(* Let $A=\sigma(R)\langle x_1,\dots,x_n\rangle$ be a quasi-commutative bijective $\sigma$-PBW extension of $R$ (under the standing assumptions below). Then every submodule of $A^m$ has a Gröbner basis.
   Context: Let $R\subseteq A$ be rings. $A$ is a $\sigma$-PBW extension of $R$, written $A=\sigma(R)\langle x_1,\dots,x_n\rangle$, if there are $x_1,\dots,x_n\in A\setminus R$ such that: (i) $A$ is a free left $R$-module with basis $\mathrm{Mon}(A)=\{x^\alpha=x_1^{\alpha_1}\cdots x_n^{\alpha_n}:\alpha\in\mathbb N^n\}$, with $x^0=1$; (ii) for every $i$ and every $r\in R\setminus\{0\}$ there is $c_{i,r}\in R\setminus\{0\}$ with $x_ir-c_{i,r}x_i\in R$; (iii) for all $i,j$ there is $c_{i,j}\in R\setminus\{0\}$ with $x_jx_i-c_{i,j}x_ix_j\in R+Rx_1+\dots+Rx_n$. There are injective ring endomorphisms $\sigma_i$ of $R$ and $\sigma_i$-derivations $\delta_i$ with $x_ir=\sigma_i(r)x_i+\delta_i(r)$. Write $\sigma^\alpha=\sigma_1^{\alpha_1}\circ\cdots\circ\sigma_n^{\alpha_n}$ and $|\alpha|=\sum\alpha_i$. For $\alpha,\beta$ there are unique $c_{\alpha,\beta}\in R$ (left invertible) and $p_{\alpha,\beta}\in A$ with $x^\alpha x^\beta=c_{\alpha,\beta}x^{\alpha+\beta}+p_{\alpha,\beta}$, where $p_{\alpha,\beta}=0$ or $\deg p_{\alpha,\beta}<|\alpha+\beta|$. $A$ is quasi-commutative if $x_ir=c_{i,r}x_i$ and $x_jx_i=c_{i,j}x_ix_j$ exactly. $A$ is bijective if each $\sigma_i$ is bijective and $c_{i,j}$ is invertible for $i<j$. Standing assumptions: $R$ is left Gröbner soluble (left Noetherian; left ideal membership decidable with computable coefficients; finite generating sets of left syzygy modules computable). $\mathrm{Mon}(A)$ carries a monomial order, i.e. a total order $\succeq$ with: (a) $x^\beta\succeq x^\alpha\Rightarrow lm(x^\gamma x^\beta x^\lambda)\succeq lm(x^\gamma x^\alpha x^\lambda)$; (b) $x^\alpha\succeq1$; (c) $|\beta|\ge|\alpha|\Rightarrow x^\beta\succeq x^\alpha$. $A^m$ is the free left $A$-module of column vectors with canonical basis $\mathbf e_i$. Monomials of $A^m$ are $x^\alpha\mathbf e_i$, with $\mathrm{ind}=i$, $\exp=\alpha$, $\deg=|\alpha|$. The monomial $x^\alpha\mathbf e_i$ divides $x^\beta\mathbf e_j$ iff $i=j$ and $\beta_k\ge\alpha_k$ for all $k$. $\mathrm{Mon}(A^m)$ carries a monomial order, i.e. a total order with: (i) $lm(x^\beta x^\alpha)\mathbf e_i\succeq x^\alpha\mathbf e_i$; (ii) $x^\beta\mathbf e_j\succeq x^\alpha\mathbf e_i\Rightarrow lm(x^\gamma x^\beta)\mathbf e_j\succeq lm(x^\gamma x^\alpha)\mathbf e_i$; (iii) $\deg\mathbf X\ge\deg\mathbf Y\Rightarrow\mathbf X\succeq\mathbf Y$. For nonzero $\mathbf f$, $lm(\mathbf f)$ and $lc(\mathbf f)$ denote its leading monomial and leading coefficient. Reduction. Let $F$ be a finite set of nonzero vectors and $\mathbf f\in A^m$. A one-step reduction of $\mathbf f$ by $F$ exists if there are $\mathbf f_1,\dots,\mathbf f_t\in F$ and $r_1,\dots,r_t\in R$ with: (1) $lm(\mathbf f_i)\mid lm(\mathbf f)$, with $\alpha_i+\exp(lm\,\mathbf f_i)=\exp(lm\,\mathbf f)$; (2) $lc(\mathbf f)=\sum r_i\sigma^{\alpha_i}(lc\,\mathbf f_i)c_{\alpha_i,\exp(lm\,\mathbf f_i)}$. $\mathbf f$ is reducible w.r.t. $F$ if such a reduction exists. Gröbner basis. For a submodule $M\neq0$ of $A^m$, a nonempty finite set $G$ of nonzero vectors of $M$ is a Gröbner basis for $M$ if every nonzero $\mathbf f\in M$ is reducible w.r.t. $G$; $\{0\}$ is a Gröbner basis of $M=0$. *)

theory Defs
  imports Main
begin
text \<open>Capping turns the key \<open>T\<close> into a key with entries in \<open>[n]\<close> and the same shape, so
\<open>cap\<^sub>n(T) = key(wt(cap\<^sub>n(T)))\<close>, and the two sums run over RSVTs of the same shape with
the same exponent of \<open>\<beta>\<close>. It remains to show that for an RSVT \<open>Q\<close> with \<open>max(Q) \<le> n\<close>
we have \<open>K\<^sub>-(L(Q)) \<le> T\<close> iff \<open>K\<^sub>-(L(Q)) \<le> cap\<^sub>n(T)\<close>. This is a statement about single
columns: the columns \<open>a\<close> of \<open>K\<^sub>-(L(Q))\<close> are strictly increasing with entries \<open>\<le> n\<close>, and
for strictly increasing columns of equal length, \<open>a \<le> C\<close> entrywise iff for every \<open>v\<close> at
least as many entries of \<open>a\<close> as of \<open>C\<close> are \<open>\<le> v\<close>. Capping \<open>C\<close> never lowers these
counts, and once \<open>v\<close> reaches the smallest filled-in entry, \<open>cap\<^sub>n(C)\<close> contains all of
\<open>(v, n]\<close>, so its count is \<open>|C| - (n - v)\<close>, the least possible count of any \<open>|C|\<close>-subset
of \<open>[n]\<close>.\<close>

text \<open>The hypothesis \<open>sorted_wrt (\<lambda>a b. P b \<longrightarrow> P a) xs\<close> says that the elements of \<open>xs\<close>
satisfying \<open>P\<close> form a prefix.\<close>

lemma filter_eq_takeWhile_prefix_closed:
  assumes "sorted_wrt (\<lambda>a b. P b \<longrightarrow> P a) xs"
  shows "filter P xs = takeWhile P xs"
  using assms by (induction xs) auto

lemma less_length_takeWhile_iff_prefix_closed:
  assumes "sorted_wrt (\<lambda>a b. P b \<longrightarrow> P a) xs" "i < length xs"
  shows "i < length (takeWhile P xs) \<longleftrightarrow> P (xs ! i)"
  using assms by (induction xs arbitrary: i) (auto simp: nth_Cons split: nat.split)

lemma strict_sorted_nth_le_iff:
  fixes xs :: "'a::linorder list"
  assumes "sorted_wrt (<) xs" "i < length xs"
  shows "xs ! i \<le> v \<longleftrightarrow> i < card {a \<in> set xs. a \<le> v}"
proof -
  have closed: "sorted_wrt (\<lambda>a b. b \<le> v \<longrightarrow> a \<le> v) xs"
    using assms(1) by (rule sorted_wrt_mono_rel[rotated]) auto
  have "card {a \<in> set xs. a \<le> v} = length (filter (\<lambda>a. a \<le> v) xs)"
    using assms(1) by (simp add: strict_sorted_iff distinct_card[symmetric])
  also have "\<dots> = length (takeWhile (\<lambda>a. a \<le> v) xs)"
    using filter_eq_takeWhile_prefix_closed[OF closed] by simp
  finally show ?thesis
    using less_length_takeWhile_iff_prefix_closed[OF closed assms(2)] by simp
qed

- - -

ABOUT THIS TASK.
Every line holding the word "simp" should be copied out of the material.

PROBLEM SOLUTION.
  using assms by (induction xs arbitrary: i) (auto simp: nth_Cons split: nat.split)
    using assms(1) by (simp add: strict_sorted_iff distinct_card[symmetric])
    using filter_eq_takeWhile_prefix_closed[OF closed] by simp
    using less_length_takeWhile_iff_prefix_closed[OF closed assms(2)] by simp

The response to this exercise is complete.